| TASK GOAL |
Copy out the first line of the listing and every line after it, exactly, until you have copied the line containing "(pfst c = 1".

| RECORD EXTRACTS |
text \<open>A judgement \<open>(c, xs, y)\<close> states that the program with code \<open>c\<close> maps \<open>xs\<close> to \<open>y\<close>; the first
  component of a code is its constructor tag.\<close>

definition justified :: "judgement list \<Rightarrow> judgement \<Rightarrow> bool" where
"justified E J \<longleftrightarrow> (case J of (c, xs, y) \<Rightarrow>
   (pfst c = 0 \<and> y = 0) \<or>
   (pfst c = 1 \<and> xs \<noteq> [] \<and> y = Suc (hd xs)) \<or>
   (pfst c = 2 \<and> psnd c < length xs \<and> y = xs ! psnd c) \<or>
   (pfst c = 3 \<and> (\<exists>ys. (pfst (psnd c), ys, y) \<in> set E \<and> length ys = length (list_decode (psnd (psnd c))) \<and>
        (\<forall>i<length ys. (list_decode (psnd (psnd c)) ! i, xs, ys ! i) \<in> set E))) \<or>
   (pfst c = 4 \<and> xs \<noteq> [] \<and> ((hd xs = 0 \<and> (pfst (psnd c), tl xs, y) \<in> set E) \<or>
        (hd xs \<noteq> 0 \<and> (\<exists>w. (c, (hd xs - 1) # tl xs, w) \<in> set E \<and> (psnd (psnd c), (hd xs - 1) # w # tl xs, y) \<in> set E)))) \<or>
   (pfst c = 5 \<and> (psnd c, y # xs, 0) \<in> set E \<and> (\<forall>m<y. \<exists>k. (psnd c, m # xs, Suc k) \<in> set E)))"

definition valid_derivation :: "judgement list \<Rightarrow> bool" where
  "valid_derivation cs \<longleftrightarrow> (\<forall>j<length cs. justified (take j cs) (cs ! j))"

lemma justified_sound:
  assumes J: "justified E (recf_encode f, xs, y)"
    and IH: "\<And>f' xs' y'. (recf_encode f', xs', y') \<in> set E \<Longrightarrow> eval f' xs' y'"
  shows "eval f xs y"
proof (cases f)
  case Zero
  with J show ?thesis by (auto simp: justified_def intro: eval.zero)
next
  case Succ
  with J have "xs \<noteq> [] \<and> y = Suc (hd xs)" by (auto simp: justified_def)
  then show ?thesis using Succ by (cases xs) (auto intro: eval.succ)
next
  case (Proj i)
  with J have "i < length xs \<and> y = xs ! i" by (auto simp: justified_def)
  then show ?thesis using Proj by (auto intro: eval.proj)
next
  case (Comp g gs)
  with J obtain ys where ys: "(recf_encode g, ys, y) \<in> set E"
    "length ys = length gs" "\<forall>i<length ys. (recf_encode (gs ! i), xs, ys ! i) \<in> set E"
    by (auto simp: justified_def)
  have "list_all2 (\<lambda>g y. eval g xs y) gs ys"
    using ys(2,3) IH by (auto simp: list_all2_conv_all_nth)
  moreover have "eval g ys y" using IH ys(1) by blast
  ultimately show ?thesis using Comp by (auto intro: eval.comp)
next
  case (Prim g h)
  with J obtain n xs' where xs: "xs = n # xs'"
    and r: "(n = 0 \<and> (recf_encode g, xs', y) \<in> set E) \<or>
      (n \<noteq> 0 \<and> (\<exists>w. (recf_encode f, (n - 1) # xs', w) \<in> set E \<and> (recf_encode h, (n - 1) # w # xs', y) \<in> set E))"
    by (cases xs) (auto simp: justified_def)
  show ?thesis
  proof (cases n)
    case 0
    with r have "eval g xs' y" using IH by blast
    then show ?thesis using Prim xs 0 by (auto intro: eval.prim0)
  next
    case (Suc n')
    with r obtain w where "(recf_encode f, n' # xs', w) \<in> set E" "(recf_encode h, n' # w # xs', y) \<in> set E"
      by auto
    then have "eval (Prim g h) (n' # xs') w" "eval h (n' # w # xs') y"
      using IH Prim by blast+
    then show ?thesis using Prim xs Suc by (auto intro: eval.primS)
  qed
next
  case (Mn g)
  with J have r: "(recf_encode g, y # xs, 0) \<in> set E" "\<forall>m<y. \<exists>k. (recf_encode g, m # xs, Suc k) \<in> set E"
    by (auto simp: justified_def)
  have "eval g (y # xs) 0" using IH r(1) by blast
  moreover have "\<forall>m<y. \<exists>k. eval g (m # xs) (Suc k)" using IH r(2) by blast
  ultimately show ?thesis using Mn by (auto intro: eval.mu)
qed

lemma valid_derivation_sound:
  assumes "valid_derivation cs" "(recf_encode f, xs, y) \<in> set cs"
  shows "eval f xs y"
proof -
  have "eval f xs y" if "j < length cs" "cs ! j = (recf_encode f, xs, y)" for j f xs y
    using that
  proof (induction j arbitrary: f xs y rule: less_induct)
    case (less j)
    have "justified (take j cs) (recf_encode f, xs, y)"
      using assms(1) less.prems unfolding valid_derivation_def by metis
    moreover have "eval f' xs' y'" if "(recf_encode f', xs', y') \<in> set (take j cs)" for f' xs' y'
      using that less.IH less.prems(1) by (auto simp: in_set_conv_nth)
    ultimately show ?case by (rule justified_sound)
  qed
  then show ?thesis using assms(2) by (auto simp: in_set_conv_nth)
qed

lemma justified_mono:
  "justified E J \<Longrightarrow> set E \<subseteq> set E' \<Longrightarrow> justified E' J"
  unfolding justified_def by (cases J) (simp, blast)

lemma valid_derivation_append:
  assumes "valid_derivation cs1" "valid_derivation cs2"
  shows "valid_derivation (cs1 @ cs2)"
  unfolding valid_derivation_def
proof (intro allI impI)
  fix j assume j: "j < length (cs1 @ cs2)"
  show "justified (take j (cs1 @ cs2)) ((cs1 @ cs2) ! j)"
  proof (cases "j < length cs1")
    case True
    then show ?thesis using assms(1) unfolding valid_derivation_def by (simp add: nth_append)
  next
    case False
    define j' where "j' = j - length cs1"
    have "j' < length cs2" using j False j'_def by simp
    then have "justified (take j' cs2) (cs2 ! j')" using assms(2) unfolding valid_derivation_def by blast
    moreover have "set (take j' cs2) \<subseteq> set (take j (cs1 @ cs2))" using False j'_def by auto
    ultimately show ?thesis using False j'_def by (auto simp: nth_append intro: justified_mono)
  qed
qed

lemma valid_derivation_snoc:
  assumes "valid_derivation cs" "justified cs J"
  shows "valid_derivation (cs @ [J])"
  unfolding valid_derivation_def
proof (intro allI impI)
  fix j assume j: "j < length (cs @ [J])"
  show "justified (take j (cs @ [J])) ((cs @ [J]) ! j)"
  proof (cases "j < length cs")
    case True
    then show ?thesis using assms(1) unfolding valid_derivation_def by (simp add: nth_append)
  next
    case False
    then have "j = length cs" using j by simp
    then show ?thesis using assms(2) by simp
  qed
qed

lemma valid_derivation_Nil: "valid_derivation []" by (simp add: valid_derivation_def)

lemma valid_derivation_list_all2:
  "list_all2 (\<lambda>g y. \<exists>cs. valid_derivation cs \<and> (recf_encode g, xs, y) \<in> set cs) gs ys \<Longrightarrow>
   \<exists>cs. valid_derivation cs \<and> (\<forall>i<length gs. (recf_encode (gs ! i), xs, ys ! i) \<in> set cs)"
proof (induction rule: list_all2_induct)
  case Nil then show ?case using valid_derivation_Nil by auto
next
  case (Cons g gs y ys)
  from Cons.hyps(1) obtain cs1 where 1: "valid_derivation cs1" "(recf_encode g, xs, y) \<in> set cs1" by blast
  from Cons.IH obtain cs2 where 2: "valid_derivation cs2" "\<forall>i<length gs. (recf_encode (gs ! i), xs, ys ! i) \<in> set cs2" by blast
  have "\<forall>i<length (g # gs). (recf_encode ((g # gs) ! i), xs, (y # ys) ! i) \<in> set (cs1 @ cs2)"
  proof (intro allI impI)
    fix i assume "i < length (g # gs)"
    then show "(recf_encode ((g # gs) ! i), xs, (y # ys) ! i) \<in> set (cs1 @ cs2)"
      using 1 2 by (cases i) auto
  qed
  then show ?case using valid_derivation_append[OF 1(1) 2(1)] by blast
qed

lemma valid_derivation_all_less:
  "\<forall>m<n. \<exists>k cs. valid_derivation cs \<and> (a, m # xs, Suc k) \<in> set cs \<Longrightarrow>
   \<exists>cs. valid_derivation cs \<and> (\<forall>m<n. \<exists>k. (a, m # xs, Suc k) \<in> set cs)"
proof (induction n)
  case 0 then show ?case using valid_derivation_Nil by auto
next
  case (Suc n)
  then obtain cs1 where 1: "valid_derivation cs1" "\<forall>m<n. \<exists>k. (a, m # xs, Suc k) \<in> set cs1" by auto
  from Suc.prems obtain k cs2 where 2: "valid_derivation cs2" "(a, n # xs, Suc k) \<in> set cs2" by blast
  have "\<forall>m<Suc n. \<exists>k. (a, m # xs, Suc k) \<in> set (cs1 @ cs2)"
    using 1(2) 2(2) by (auto simp: less_Suc_eq)
  then show ?case using valid_derivation_append[OF 1(1) 2(1)] by blast
qed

| REPLY TO THE TASK |
text \<open>A judgement \<open>(c, xs, y)\<close> states that the program with code \<open>c\<close> maps \<open>xs\<close> to \<open>y\<close>; the first
  component of a code is its constructor tag.\<close>

definition justified :: "judgement list \<Rightarrow> judgement \<Rightarrow> bool" where
"justified E J \<longleftrightarrow> (case J of (c, xs, y) \<Rightarrow>
   (pfst c = 0 \<and> y = 0) \<or>
   (pfst c = 1 \<and> xs \<noteq> [] \<and> y = Suc (hd xs)) \<or>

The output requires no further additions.